University of Colorado Health (UC Health) takes its mission to “push the boundaries of medicine” very seriously. This young health system, an umbrella organization that encompasses the renowned academic institution, the University of Colorado Hospital, as well as existing additional health systems in Colorado Springs and Fort Collins, is investing strongly in innovative programs to deliver the best care to its patients. And Steve Hess, UC Health’s CIO, says one of the system’s most vital investments is in the future—and the implementation of precision medicine through big data technologies.
“Big data is a term that is overused, I think. But the way I look at it is that we have all these computer systems that are capturing and storing millions of bits of information. When you look at all that information in whole, it doesn’t mean anything. It’s just a lot of noise,” says Hess. “But by building the right kind of big data engine, with the right kind of analytics, you can filter out the noise and find actionable information that allows you to deliver the right care at the right time. That’s what we want to do.”
Hess will be one of the speakers at the Health IT Summit in Denver, July 22-24, sponsored by the Institute for Health Technology Transformation (iHT2). Hess will participate in a panel discussion entitled “Health Information Exchange: A Cornerstone of Data-Driven Medicine.” (Since December 2013, iHT2 has been in partnership with Healthcare Informatics, through its parent company, the Vendome Group, LLC.)
The organization is building these kinds of tools to aggressively pursue precision medicine. “Some call it personalized medicine,” says Hess. “But the idea is that we set up the right infrastructure in place so we can access the right data to treat people instead of diseases. By focusing on that actionable data, we can treat patients by what we know about them from multiple perspectives, including genomic and other information, so we can individually link them to specific treatment protocols, medicines or non-medication therapies that will work for them.”
Michael Ames, associate director of Health Data Compass at UC Health, says that this project is truly unique. UC Health is in a position to build the infrastructure from the ground up, without being hamstrung by legacy systems. And such a green-field project leaves the organization open to planning for the future, instead of focusing solely on present needs and protocols.
“In most cases, data warehouses have been built incrementally, and each piece has been targeted for a specific project or outcome,” he says. “One of the things we are really excited about is that we aren’t tied down by existing infrastructure. We have a very strong collaboration between our four institutions and we’ve leveraged that to figure out what we need to build to reach our future goals.”
Ames says that, across UC Health, there are departments and researchers collecting cutting-edge and potentially pertinent data in silos for their own specific purposes. But, if those data points are kept separate, they can’t be linked to specific patients and their health records later on when they may be needed.
“It’s an expensive proposition—taking data that may be of unknown value outside of its originating context and putting it into an unstructured database alongside the data warehouse,” he says. “But if that data is valuable, even to one person, it’s worth it. So we’re implementing what we call a ‘say yes’ approach to data so we’ll always have access to something that may be a catalyst for discovery later.”

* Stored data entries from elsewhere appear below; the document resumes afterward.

lemma fps_powr_mult:
  assumes f0: "fps_nth f 0 = 1" and g0: "fps_nth g 0 = 1"
  shows "fps_powr a (f * g) = fps_powr a f * fps_powr a g"
proof -
  have "f * g * fps_deriv (fps_powr a f * fps_powr a g)
      = g * fps_powr a g * (f * fps_deriv (fps_powr a f))
        + f * fps_powr a f * (g * fps_deriv (fps_powr a g))"
    by (simp add: algebra_simps)
  also have "\<dots> = fps_const a * fps_deriv (f * g) * (fps_powr a f * fps_powr a g)"
    unfolding fps_powr_deriv[OF f0] fps_powr_deriv[OF g0] by (simp add: algebra_simps)
  finally show ?thesis
    by (intro fps_powr_unique[symmetric]) (simp_all add: f0 g0)
qed

lemma fps_powr_compose:
  assumes h0: "fps_nth h 0 = 0" and f0: "fps_nth f 0 = 1"
  shows "fps_powr a f oo h = fps_powr a (f oo h)"
proof -
  have f1: "fps_nth (f - 1) 0 = 0" using f0 by simp
  have "fps_powr a f oo h = fps_binomial a oo ((f - 1) oo h)"
    unfolding fps_powr_def by (rule fps_compose_assoc[OF h0 f1, symmetric])
  also have "(f - 1) oo h = (f oo h) - 1" by (simp add: fps_compose_sub_distrib)
  finally show ?thesis by (simp add: fps_powr_def)
qed

lemma fps_nth_compose_X_squared:
  "fps_nth (f oo fps_X ^ 2) n = (if even n then fps_nth f (n div 2) else (0::real))"
proof -
  have "fps_nth (f oo fps_X ^ 2) n = (\<Sum>i = 0..n. fps_nth f i * (if n = 2 * i then 1 else 0))"
    by (simp add: fps_compose_nth power_mult[symmetric] mult.commute)
  also have "\<dots> = (\<Sum>i \<in> {0..n}. if i = n div 2 \<and> even n then fps_nth f i else 0)"
    by (intro sum.cong refl) auto
  also have "\<dots> = (if even n then fps_nth f (n div 2) else 0)"
    by (cases "even n") (simp_all add: sum.delta)
  finally show ?thesis .
qed

lemma fps_nth_mult_compose:
  assumes d0: "fps_nth d 0 = (0::real)"
  shows "fps_nth (g * (f oo d)) n = (\<Sum>i = 0..n. fps_nth f i * fps_nth (g * d ^ i) n)"
proof -
  have high_powers: "fps_nth (d ^ i) j = 0" if "j < i" for i j
    using startsby_zero_power_prefix[OF d0] that by blast
  have "fps_nth (g * (f oo d)) n
      = (\<Sum>k = 0..n. fps_nth g k * (\<Sum>i = 0..n - k. fps_nth f i * fps_nth (d ^ i) (n - k)))"
    by (simp add: fps_mult_nth fps_compose_nth)
  also have "\<dots> = (\<Sum>k = 0..n. fps_nth g k * (\<Sum>i = 0..n. fps_nth f i * fps_nth (d ^ i) (n - k)))"
  proof (intro sum.cong refl)
    fix k assume "k \<in> {0..n}"
    have "(\<Sum>i = 0..n - k. fps_nth f i * fps_nth (d ^ i) (n - k))
        = (\<Sum>i = 0..n. fps_nth f i * fps_nth (d ^ i) (n - k))"
      by (rule sum.mono_neutral_left) (auto simp: high_powers)
    thus "fps_nth g k * (\<Sum>i = 0..n - k. fps_nth f i * fps_nth (d ^ i) (n - k))
        = fps_nth g k * (\<Sum>i = 0..n. fps_nth f i * fps_nth (d ^ i) (n - k))"
      by simp
  qed
  also have "\<dots> = (\<Sum>k = 0..n. \<Sum>i = 0..n. fps_nth f i * (fps_nth g k * fps_nth (d ^ i) (n - k)))"
    by (simp add: sum_distrib_left mult.left_commute)
  also have "\<dots> = (\<Sum>i = 0..n. \<Sum>k = 0..n. fps_nth f i * (fps_nth g k * fps_nth (d ^ i) (n - k)))"
    by (rule sum.swap)
  also have "\<dots> = (\<Sum>i = 0..n. fps_nth f i * fps_nth (g * d ^ i) n)"
    by (simp add: fps_mult_nth sum_distrib_left)
  finally show ?thesis .
qed

lemma gbinomial_neg_half_times_power:
  "((-(t/2 + 1)) gchoose i) * (-2) ^ i = (\<Prod>j\<in>{1..i}. 2 * real j + t) / fact i"
proof -
  have "(-2) ^ i * (\<Prod>j = 0..<i. -(t/2+1) - of_nat j) = (\<Prod>j\<in>{1..i}. 2 * real j + t)"
  proof (induction i)
    case (Suc i)
    have "(-2::real) ^ Suc i * (\<Prod>j = 0..<Suc i. -(t/2+1) - of_nat j)
        = ((-2) ^ i * (\<Prod>j = 0..<i. -(t/2+1) - of_nat j)) * ((-2) * (-(t/2+1) - of_nat i))"
      by (simp add: algebra_simps)
    also have "\<dots> = (\<Prod>j\<in>{1..Suc i}. 2 * real j + t)"
      unfolding Suc by (simp add: algebra_simps prod.cl_ivl_Suc)
    finally show ?case .
  qed simp
  also have "(\<Prod>j = 0..<i. -(t/2+1) - of_nat j) = fact i * ((-(t/2 + 1)) gchoose i)"
    by (rule gbinomial_mult_fact[symmetric])
  finally show ?thesis by (simp add: eq_divide_eq mult_ac)
qed

section \<open>The generating function of a solution of the tree recurrence\<close>

definition ones_weight :: "real \<Rightarrow> nat \<Rightarrow> real" where
  "ones_weight t m = (\<Prod>j\<in>{1..m}. 2 * real j + t) / fact m"

locale tree_recurrence =
  fixes \<beta> :: "nat \<Rightarrow> real"
  assumes \<beta>_0: "\<beta> 0 = 0" and \<beta>_1: "\<beta> 1 = 1"
    and \<beta>_rec: "\<And>n. n \<ge> 2 \<Longrightarrow>
      2 * \<beta> n = (\<Sum>k=0..n. \<beta> k * \<beta> (n - k)) + (if even n then \<beta> (n div 2) else 0)"
begin

definition S :: "real fps" where "S = 1 - Abs_fps \<beta>"

definition W :: "real fps" where "W = S - 2 * fps_X * fps_deriv S"

definition Wt :: "real \<Rightarrow> real fps" where "Wt t = W * fps_powr (-(t + 1)) S"

lemma S_nth_0: "fps_nth S 0 = 1"
  by (simp add: S_def \<beta>_0)

lemma S_functional_equation: "S * S + 2 * fps_X = S oo fps_X ^ 2"
proof -
  let ?T = "Abs_fps \<beta>"
  have "?T * ?T + (?T oo fps_X ^ 2) = 2 * ?T - 2 * fps_X"
  proof (rule fps_ext)
    fix n
    have "fps_nth (?T * ?T + (?T oo fps_X ^ 2)) n
        = (\<Sum>k=0..n. \<beta> k * \<beta> (n - k)) + (if even n then \<beta> (n div 2) else 0)"
      by (simp add: fps_mult_nth fps_nth_compose_X_squared)
    also have "\<dots> = 2 * \<beta> n - (if n = 1 then 2 else 0)"
    proof (cases "n \<ge> 2")
      case False
      hence "n = 0 \<or> n = 1" by auto
      thus ?thesis using \<beta>_0 \<beta>_1 by auto
    qed (simp add: \<beta>_rec)
    also have "\<dots> = fps_nth (2 * ?T - 2 * fps_X) n"
      by (simp add: numeral_fps_const)
    finally show "fps_nth (?T * ?T + (?T oo fps_X ^ 2)) n = fps_nth (2 * ?T - 2 * fps_X) n" .
  qed
  thus ?thesis by (simp add: S_def fps_compose_sub_distrib algebra_simps)
qed

lemma W_mult_S: "W * S = W oo fps_X ^ 2"
proof -
  let ?X2 = "fps_X ^ 2 :: real fps"
  have x0: "fps_nth ?X2 0 = 0" by simp
  have "fps_deriv (S * S + 2 * fps_X) = fps_deriv (S oo ?X2)"
    by (simp only: S_functional_equation)
  hence d: "2 * S * fps_deriv S + 2 = (fps_deriv S oo ?X2) * (2 * fps_X)"
    by (simp add: fps_compose_deriv[OF x0] fps_deriv_power algebra_simps numeral_fps_const)
  have "W * S = S * S - fps_X * (2 * S * fps_deriv S + 2) + 2 * fps_X"
    unfolding W_def by (simp add: algebra_simps)
  also have "\<dots> = (S * S + 2 * fps_X) - 2 * ?X2 * (fps_deriv S oo ?X2)"
    unfolding d by (simp add: algebra_simps power2_eq_square)
  also have "\<dots> = W oo ?X2"
    unfolding S_functional_equation W_def
    by (simp add: fps_compose_sub_distrib fps_compose_mult_distrib[OF x0] numeral_fps_const)
  finally show ?thesis .
qed

abbreviation (input) R :: "real fps" where "R \<equiv> S oo fps_X ^ 2"

abbreviation (input) D :: "real fps" where "D \<equiv> fps_const (-2) * fps_X * inverse R"

lemma R_nth_0: "fps_nth R 0 = 1"
  by (simp add: S_nth_0)

lemma S_square_eq: "S * S = R * (1 + D)"
proof -
  have "R * inverse R = 1" using R_nth_0 by (simp add: inverse_mult_eq_1')
  hence "R * (1 + D) = R - 2 * fps_X"
    by (simp add: algebra_simps numeral_fps_const fps_const_neg[symmetric] del: fps_const_neg)
  thus ?thesis by (simp add: S_functional_equation[symmetric])
qed

lemma Wt_eq_binomial_compose:
  "Wt t = (W oo fps_X ^ 2) * fps_powr (-(t/2 + 1)) R * (fps_binomial (-(t/2 + 1)) oo D)"
proof -
  let ?a = "-(t/2 + 1)"
  have "-(t + 1) - of_nat 1 = ?a + ?a" by simp
  note split_exponent = fps_powr_diff_of_nat[OF S_nth_0, of "-(t + 1)" 1,
      unfolded this power_one_right fps_powr_add[OF S_nth_0]]
  have "Wt t = (W * S) * fps_powr ?a (S * S)"
    by (simp only: Wt_def split_exponent fps_powr_mult[OF S_nth_0 S_nth_0] mult_ac)
  also have "fps_powr ?a (S * S) = fps_powr ?a R * (fps_binomial ?a oo D)"
    unfolding S_square_eq fps_powr_mult[OF R_nth_0, of "1 + D", simplified]
    by (simp add: fps_powr_def)
  finally show ?thesis unfolding W_mult_S by (simp add: mult.assoc)
qed

text \<open>Dividing \<open>R\<^sup>a\<close> by \<open>R\<^sup>i\<close> lowers the exponent to \<open>-(t/2 + i + 1)\<close>, which is where the
  shifted parameter \<open>t/2 + i\<close> comes from.\<close>

lemma binomial_term_eq:
  "(W oo fps_X ^ 2) * fps_powr (-(t/2 + 1)) R * D ^ i
     = fps_const ((-2) ^ i) * (fps_X ^ i * (Wt (t/2 + real i) oo fps_X ^ 2))"
proof -
  let ?a = "-(t/2 + 1)"
  have x0: "fps_nth (fps_X ^ 2 :: real fps) 0 = 0" by simp
  have "fps_powr ?a R * inverse R ^ i = fps_powr (?a - of_nat i) R * (R * inverse R) ^ i"
    using fps_powr_diff_of_nat[OF R_nth_0, of ?a i] by (simp add: power_mult_distrib algebra_simps)
  also have "R * inverse R = 1" using R_nth_0 by (simp add: inverse_mult_eq_1')
  also have "fps_powr (?a - of_nat i) R = fps_powr (?a - of_nat i) S oo fps_X ^ 2"
    by (rule fps_powr_compose[OF x0 S_nth_0, symmetric])
  also have "?a - of_nat i = -((t/2 + real i) + 1)" by simp
  finally have "(W oo fps_X ^ 2) * fps_powr ?a R * inverse R ^ i = Wt (t/2 + real i) oo fps_X ^ 2"
    by (simp add: Wt_def mult.assoc fps_compose_mult_distrib[OF x0])
  thus ?thesis
    by (simp add: power_mult_distrib fps_const_power algebra_simps)
qed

Michael Kahn, M.D., Ph.D., co-director of the Colorado Clinical and Translational Sciences Institute’s Translational Informatics group, and the director of UC Health’s Enterprise Data Warehouse Project agrees. “We are really looking at this as a platform for discovery,” he says. “We are starting there. And if you start there instead of at some business intelligence place, then you can really focus your attention on what it takes to get all your data in a format so that it can be part of the analytics. It drives you into a different space—one that can really differentiate your health system and the care that it delivers.”

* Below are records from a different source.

section \<open>Cyclic statistics and the action on a single cycle\<close>

lemma perm_of_blocks_stats:
  assumes d: "distinct (concat Bs)" and B: "B \<in> set Bs" and y: "y \<in> set B"
  shows "y < perm_of_blocks Bs y \<longleftrightarrow> cyc_ascent_from B y"
    and "inv (perm_of_blocks Bs) y < y \<longleftrightarrow> cyc_ascent_to B y"
proof -
  have dB: "distinct B" using d B by (simp add: distinct_concat_iff)
  show "y < perm_of_blocks Bs y \<longleftrightarrow> cyc_ascent_from B y"
    using cyc_ascent_from_iff[OF dB] cyc_adjacent_iff_cyc_next[OF dB] perm_of_blocks_in[OF d B y] y
    by simp
  have perm: "perm_of_blocks Bs permutes set (concat Bs)" by (rule perm_of_blocks_permutes[OF d])
  define a where "a = inv (perm_of_blocks Bs) y"
  have "y \<in> set (concat Bs)" using B y by auto
  then have a: "perm_of_blocks Bs a = y" "a \<in> set (concat Bs)"
    unfolding a_def using permutes_inverses(1)[OF perm] permutes_in_image[OF permutes_inv[OF perm]]
    by auto
  then obtain B' where B': "B' \<in> set Bs" "a \<in> set B'" by auto
  then have "y \<in> set B'" using perm_of_blocks_in_block[OF d] a(1) by blast
  then have "B' = B" using d B B' y by (auto simp: distinct_concat_iff)
  then have "cyc_adjacent B a y"
    using cyc_adjacent_iff_cyc_next[OF dB] perm_of_blocks_in[OF d B] a(1) B'(2) by simp
  then show "inv (perm_of_blocks Bs) y < y \<longleftrightarrow> cyc_ascent_to B y"
    using cyc_ascent_to_iff[OF dB] a_def by simp
qed

lemma derangement_permutes: "\<sigma> \<in> derangements n \<Longrightarrow> \<sigma> permutes {1..n}"
  by (simp add: derangements_def)

lemma derangement_blocks:
  assumes "\<sigma> \<in> derangements n"
  defines "Bs \<equiv> ltr_blocks (iota n \<sigma>)"
  shows "canonical_blocks Bs" "distinct (concat Bs)" "set (concat Bs) = {1..n}"
    and "\<sigma> = perm_of_blocks Bs" "\<And>B. B \<in> set Bs \<Longrightarrow> 2 \<le> length B"
proof -
  have perm: "\<sigma> permutes {1..n}" and fix_free: "\<forall>i\<in>{1..n}. \<sigma> i \<noteq> i"
    using assms(1) by (auto simp: derangements_def)
  then have "distinct (iota n \<sigma>)" "set (iota n \<sigma>) = {1..n}"
    using iota_permutes(1) by (auto simp: permutations_of_set_def)
  then show g: "canonical_blocks Bs" and d: "distinct (concat Bs)" and s: "set (concat Bs) = {1..n}"
    unfolding Bs_def using canonical_ltr_blocks by simp_all
  show \<sigma>: "\<sigma> = perm_of_blocks Bs"
    using iota_permutes(2)[OF perm] unfolding Bs_def perm_of_word_def by simp
  fix B assume B: "B \<in> set Bs"
  show "2 \<le> length B"
  proof (rule ccontr)
    assume "\<not> 2 \<le> length B"
    then obtain m where m: "B = [m]" using canonical_blocks_nonempty[OF g B]
      by (cases B) (auto simp: Suc_le_eq)
    then have "\<sigma> m = m" using perm_of_blocks_in[OF d B] cyc_next_nth[of B 0] \<sigma> by simp
    moreover have "m \<in> set (concat Bs)" using B m by force
    then have "m \<in> {1..n}" by (simp only: s)
    ultimately show False using fix_free by blast
  qed
qed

UC Health leaders admit that they are still in early stages of this project. The group is currently in a “planning and preparation” phase and knows that true precision medicine is still years away from reality. But Hess says their attempts at harnessing big data involve a true pioneer effort—and it is more than worth the time and effort to ensure that the infrastructure they build can serve patients for decades to come.
“A lot of what we’re doing hasn’t been done before. There’s not a tried and true blueprint to follow to build this kind of system,” he says. “There are not many organizations across the country that have the resources, money and people to be able to do something like this. You need the faculty. You need the researchers. You need the grants. You need that infrastructure. You need some governance. We are just at the very beginning of this but we have a lot of the necessary components in place. And we are going to succeed.”